Tumor samples were formalin-fixed and embedded in paraffin. Paraffin sections were stained with the first antibody for CD24 (1:200; sc-7034) and Notch1 (1:200; sc-376403) (Santa Cruz Biotechnology) by incubating overnight at 4°C. Secondary staining with biotinylated secondary antibodies with horseradish peroxidase (HRP; Beyotime Biotechnology, Nanjing, People’s Republic of China) was performed for 30 min at room temperature. Then, the sections were counterstained with hematoxylin (Beyotime).

Statistical analysis

Each experiment was performed in triplicate. Statistical analysis was performed using one-tailed Student’s t-test (unilateral and unpaired). Survival rate was analyzed by the Kaplan–Meier method. Differences with a P-value less than 0.05 were considered statistically significant.

Results

Tumorigenic ability of CD24− and CD24+ subpopulation of A375 and B16F10 cells in vitro and in vivo

In this study, CD24+ cells were isolated from A375 and B16F10 cells by using a CSC-specific marker, CD24 (Figure 1). In addition, we found that CD24 mRNA was significantly higher in CD24+ cells than that in CD24− cells (Figure 1). The results of colony formation assays showed that CD24+ cells from both A375 and B16F10 cells could form more cell colonies than CD24− ones (P<0.05, Figure 2A). It indicated that the proliferation ratio of CD24+ cells is higher than CD24− ones. Migration of CD24− and CD24+ cells was detected using transwell assay. More CD24+ cells migrated to the lower membrane compared with CD24− ones (P<0.05, Figure 2B).
Figure 1

Identification of CD24+ and CD24− cells in the melanoma cell lines, A375 and B16F10.
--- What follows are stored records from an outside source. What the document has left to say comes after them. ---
(* Let $\Gamma$ be a set of clauses with designated blocking variables. Any clause $C\lor\ell$ that is cost-BC w.r.t. $\Gamma$ and $\ell$ is also cost-LPR w.r.t. $\Gamma$.
   Context: Substitutions map variables to $0$, $1$ or literals ($\sigma(\lnot x)=\lnot\sigma(x)$); $(\sigma\circ\tau)(x)=\sigma(\tau(x))$; a partial assignment has $\sigma(x)\in\{0,1,x\}$, domain $\sigma^{-1}(\{0,1\})$; total means all variables assigned. $C{\upharpoonright}_\sigma$: apply $\sigma$ to the literals and simplify; $\Gamma{\upharpoonright}_\sigma$ is the multiset of $C{\upharpoonright}_\sigma\ne1$, $C\in\Gamma$. $\lnot C$ is the partial assignment falsifying all literals of $C$. $\Gamma\vdash_1 C$ means unit propagation on $\Gamma{\upharpoonright}_{\lnot C}$ derives the empty clause; $\Gamma\vdash_1\Delta$ means this for all $D\in\Delta$. $\mathrm{cost}(\alpha)=\sum_i\alpha(b_i)$ over blocking variables $b_i$. $C\lor\ell$ is cost-BC w.r.t. $\Gamma$ and $\ell$ if for every $D\lor\lnot\ell\in\Gamma$, $C\lor D$ is a tautology, and $\ell$ is not a blocking variable with positive polarity. A clause $E$ is cost-LPR w.r.t. $\Gamma$ if there is a partial assignment $\sigma$ with the same domain as $\lnot E$, differing from $\lnot E$ on exactly one variable, such that (1) $\Gamma{\upharpoonright}_{\lnot E}\vdash_1(\Gamma\cup\{E\}){\upharpoonright}_\sigma$ and (2) $\mathrm{cost}(\tau\circ\sigma)\le\mathrm{cost}(\tau)$ for all total $\tau\supseteq\lnot E$. *)

theory Defs
  imports Main
begin

datatype 'v lit = Pos 'v | Neg 'v

fun var :: "'v lit \<Rightarrow> 'v" where
  "var (Pos x) = x" | "var (Neg x) = x"

fun neg_lit :: "'v lit \<Rightarrow> 'v lit" where
  "neg_lit (Pos x) = Neg x" | "neg_lit (Neg x) = Pos x"

type_synonym 'v clause = "'v lit set"
type_synonym 'v formula = "'v clause set"

text \<open>Partial assignment: None means unassigned (sigma(x) = x), Some b means sigma(x) = b.\<close>
type_synonym 'v assignment = "'v \<Rightarrow> bool option"

definition dom_asg :: "'v assignment \<Rightarrow> 'v set" where
  "dom_asg \<sigma> = {x. \<sigma> x \<noteq> None}"

definition total :: "'v assignment \<Rightarrow> bool" where
  "total \<sigma> \<longleftrightarrow> (\<forall>x. \<sigma> x \<noteq> None)"

fun lit_val :: "'v assignment \<Rightarrow> 'v lit \<Rightarrow> bool option" where
  "lit_val \<sigma> (Pos x) = \<sigma> x"
| "lit_val \<sigma> (Neg x) = map_option Not (\<sigma> x)"

definition tautology :: "'v clause \<Rightarrow> bool" where
  "tautology C \<longleftrightarrow> (\<exists>l\<in>C. neg_lit l \<in> C)"

definition wf_clause :: "'v clause \<Rightarrow> bool" where
  "wf_clause C \<longleftrightarrow> finite C \<and> \<not> tautology C"

definition satisfies :: "'v assignment \<Rightarrow> 'v clause \<Rightarrow> bool" where
  "satisfies \<sigma> C \<longleftrightarrow> (\<exists>l\<in>C. lit_val \<sigma> l = Some True)"

text \<open>C restricted by sigma, in the case it is not satisfied: remove falsified literals.\<close>
definition restrict_clause :: "'v assignment \<Rightarrow> 'v clause \<Rightarrow> 'v clause" where
  "restrict_clause \<sigma> C = {l\<in>C. lit_val \<sigma> l = None}"

definition restrict :: "'v assignment \<Rightarrow> 'v formula \<Rightarrow> 'v formula" where
  "restrict \<sigma> \<Gamma> = restrict_clause \<sigma> ` {C\<in>\<Gamma>. \<not> satisfies \<sigma> C}"

definition neg_clause :: "'v clause \<Rightarrow> 'v assignment" where
  "neg_clause C x = (if Pos x \<in> C then Some False else if Neg x \<in> C then Some True else None)"

definition lit_asg :: "'v lit \<Rightarrow> 'v assignment" where
  "lit_asg l = neg_clause {neg_lit l}"

inductive up_refutes :: "'v formula \<Rightarrow> bool" where
  empty: "{} \<in> F \<Longrightarrow> up_refutes F"
| unit: "{l} \<in> F \<Longrightarrow> up_refutes (restrict (lit_asg l) F) \<Longrightarrow> up_refutes F"

definition up_implies :: "'v formula \<Rightarrow> 'v clause \<Rightarrow> bool" where
  "up_implies \<Gamma> C \<longleftrightarrow> up_refutes (restrict (neg_clause C) \<Gamma>)"

definition up_implies_all :: "'v formula \<Rightarrow> 'v formula \<Rightarrow> bool" where
  "up_implies_all \<Gamma> \<Delta> \<longleftrightarrow> (\<forall>D\<in>\<Delta>. up_implies \<Gamma> D)"

text \<open>Composition tau o sigma for a partial assignment sigma.\<close>
definition compose :: "'v assignment \<Rightarrow> 'v assignment \<Rightarrow> 'v assignment" where
  "compose \<tau> \<sigma> x = (case \<sigma> x of None \<Rightarrow> \<tau> x | Some b \<Rightarrow> Some b)"

definition extends :: "'v assignment \<Rightarrow> 'v assignment \<Rightarrow> bool" where
  "extends \<tau> \<sigma> \<longleftrightarrow> (\<forall>x\<in>dom_asg \<sigma>. \<tau> x = \<sigma> x)"

definition cost :: "'v set \<Rightarrow> 'v assignment \<Rightarrow> nat" where
  "cost B \<alpha> = (\<Sum>b\<in>B. if \<alpha> b = Some True then 1 else 0)"

text \<open>E = C \<or> l with l \<in> E and C = E - {l}.\<close>
definition cost_BC :: "'v set \<Rightarrow> 'v formula \<Rightarrow> 'v clause \<Rightarrow> 'v lit \<Rightarrow> bool" where
  "cost_BC B \<Gamma> E l \<longleftrightarrow> l \<in> E \<and>
     (\<forall>F\<in>\<Gamma>. neg_lit l \<in> F \<longrightarrow> tautology ((E - {l}) \<union> (F - {neg_lit l}))) \<and>
     (\<forall>b\<in>B. l \<noteq> Pos b)"

definition cost_LPR :: "'v set \<Rightarrow> 'v formula \<Rightarrow> 'v clause \<Rightarrow> bool" where
  "cost_LPR B \<Gamma> E \<longleftrightarrow> (\<exists>\<sigma>.
     dom_asg \<sigma> = dom_asg (neg_clause E) \<and>
     card {x. \<sigma> x \<noteq> neg_clause E x} = 1 \<and>
     up_implies_all (restrict (neg_clause E) \<Gamma>) (restrict \<sigma> (\<Gamma> \<union> {E})) \<and>
     (\<forall>\<tau>. total \<tau> \<longrightarrow> extends \<tau> (neg_clause E) \<longrightarrow> cost B (compose \<tau> \<sigma>) \<le> cost B \<tau>))"

end

theory Submission
  imports Defs
begin

text \<open>The witness is \<open>\<sigma>\<close> = \<open>\<not>E\<close> with \<open>l\<close> flipped to true, i.e.
  \<open>compose (neg_clause E) (lit_asg l)\<close>. It satisfies \<open>E\<close> and every clause
  containing \<open>l\<close>. A clause \<open>F \<in> \<Gamma>\<close> containing \<open>\<not>l\<close> is blocked: its resolvent with \<open>E\<close> on \<open>l\<close> is a
  tautology, so \<open>F\<close> contains the complement of a literal of \<open>E - {l}\<close>, which \<open>\<sigma>\<close> makes true.
  Every remaining clause avoids the variable of \<open>l\<close>, so \<open>\<sigma>\<close> and \<open>\<not>E\<close> agree on it and its reduct
  under \<open>\<sigma>\<close> is itself a clause of \<open>\<Gamma>\<close> reduced by \<open>\<not>E\<close>, refuted by unit propagation at once.
  Finally \<open>\<tau> \<circ> \<sigma>\<close> differs from \<open>\<tau>\<close> only by making \<open>l\<close> true, which cannot switch on a blocking
  variable.\<close>

lemma lit_val_neg_lit: "lit_val \<alpha> (neg_lit k) = map_option Not (lit_val \<alpha> k)"
  by (cases k; cases "\<alpha> (var k)") auto

lemma var_eq_var_imp: "var k = var l \<Longrightarrow> k = l \<or> k = neg_lit l"
  by (cases k; cases l) auto

lemma lit_val_compose:
  "lit_val (compose \<tau> \<sigma>) k = (case lit_val \<sigma> k of None \<Rightarrow> lit_val \<tau> k | Some b \<Rightarrow> Some b)"
  by (cases k; cases "\<sigma> (var k)") (auto simp: compose_def)

lemma lit_val_lit_asg_self: "lit_val (lit_asg l) l = Some True"
  by (cases l) (auto simp: lit_asg_def neg_clause_def)

lemma lit_val_lit_asg_other: "var k \<noteq> var l \<Longrightarrow> lit_val (lit_asg l) k = None"
  by (cases k; cases l) (auto simp: lit_asg_def neg_clause_def)

lemma lit_val_cong: "\<alpha> (var k) = \<beta> (var k) \<Longrightarrow> lit_val \<alpha> k = lit_val \<beta> k"
  by (cases k) auto

lemma dom_asg_compose: "dom_asg (compose \<tau> \<sigma>) = dom_asg \<tau> \<union> dom_asg \<sigma>"
  by (auto simp: dom_asg_def compose_def split: option.splits)

lemma dom_asg_lit_asg: "dom_asg (lit_asg l) = {var l}"
  by (cases l) (auto simp: dom_asg_def lit_asg_def neg_clause_def)

lemma compose_lit_asg_other: "x \<noteq> var l \<Longrightarrow> compose \<tau> (lit_asg l) x = \<tau> x"
  by (cases l) (auto simp: compose_def lit_asg_def neg_clause_def)

lemma lit_val_neg_clause_mem:
  assumes "\<not> tautology E" and "k \<in> E"
  shows "lit_val (neg_clause E) k = Some False"
proof (cases k)
  case (Neg x)
  with assms have "Pos x \<notin> E" unfolding tautology_def by force
  with assms Neg show ?thesis by (simp add: neg_clause_def)
qed (use assms in \<open>simp add: neg_clause_def\<close>)

lemma satisfies_cong:
  "(\<And>k. k \<in> F \<Longrightarrow> lit_val \<alpha> k = lit_val \<beta> k) \<Longrightarrow> satisfies \<alpha> F \<longleftrightarrow> satisfies \<beta> F"
  unfolding satisfies_def by auto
Note: Analysis and sorting of CD24+ and CD24− cells were performed, and CD24 mRNA expression was determined by RT-PCR.

Abbreviation: RT-PCR, reverse transcription polymerase chain reaction.

Figure 2

Tumorigenic properties of CD24+ and CD24− cells in vitro.

Notes: (A) The proliferation ratio of CD24+ and CD24− cells was determined by colony formation assay. (B) The migration of each cell line was determined by Transwell assay. *P<0.05.

Next, we determined the tumorigenic ability of CD24− and CD24+ cells in mouse models. As in the in vitro experiments, the tumor size in mice carrying CD24− cells was smaller than that in mice with CD24+ cells (Figure 3A). We observed fewer metastases in liver tissues in CD24− groups compared with CD24+ groups (Figure 3B). The survival rate of the CD24− tumor-bearing mice was increased up to 60% compared with CD24+ tumor-bearing mice (P<0.05, Figure 3D).
Figure 3

Tumorigenic properties of CD24+ and CD24− cells in vivo.

Notes: (A) Macroscopic appearance of subcutaneous tumors in CD24+ and CD24− groups. (B) Representative images of liver metastases from CD24+ and CD24− groups. (C) Immunohistochemical staining of resected tumor tissues from each group using CD24 and Notch1 antibodies. (D) The survival rate of the mice was determined until 30 days after the CD24+ or CD24− cells injection. Magnification ×200.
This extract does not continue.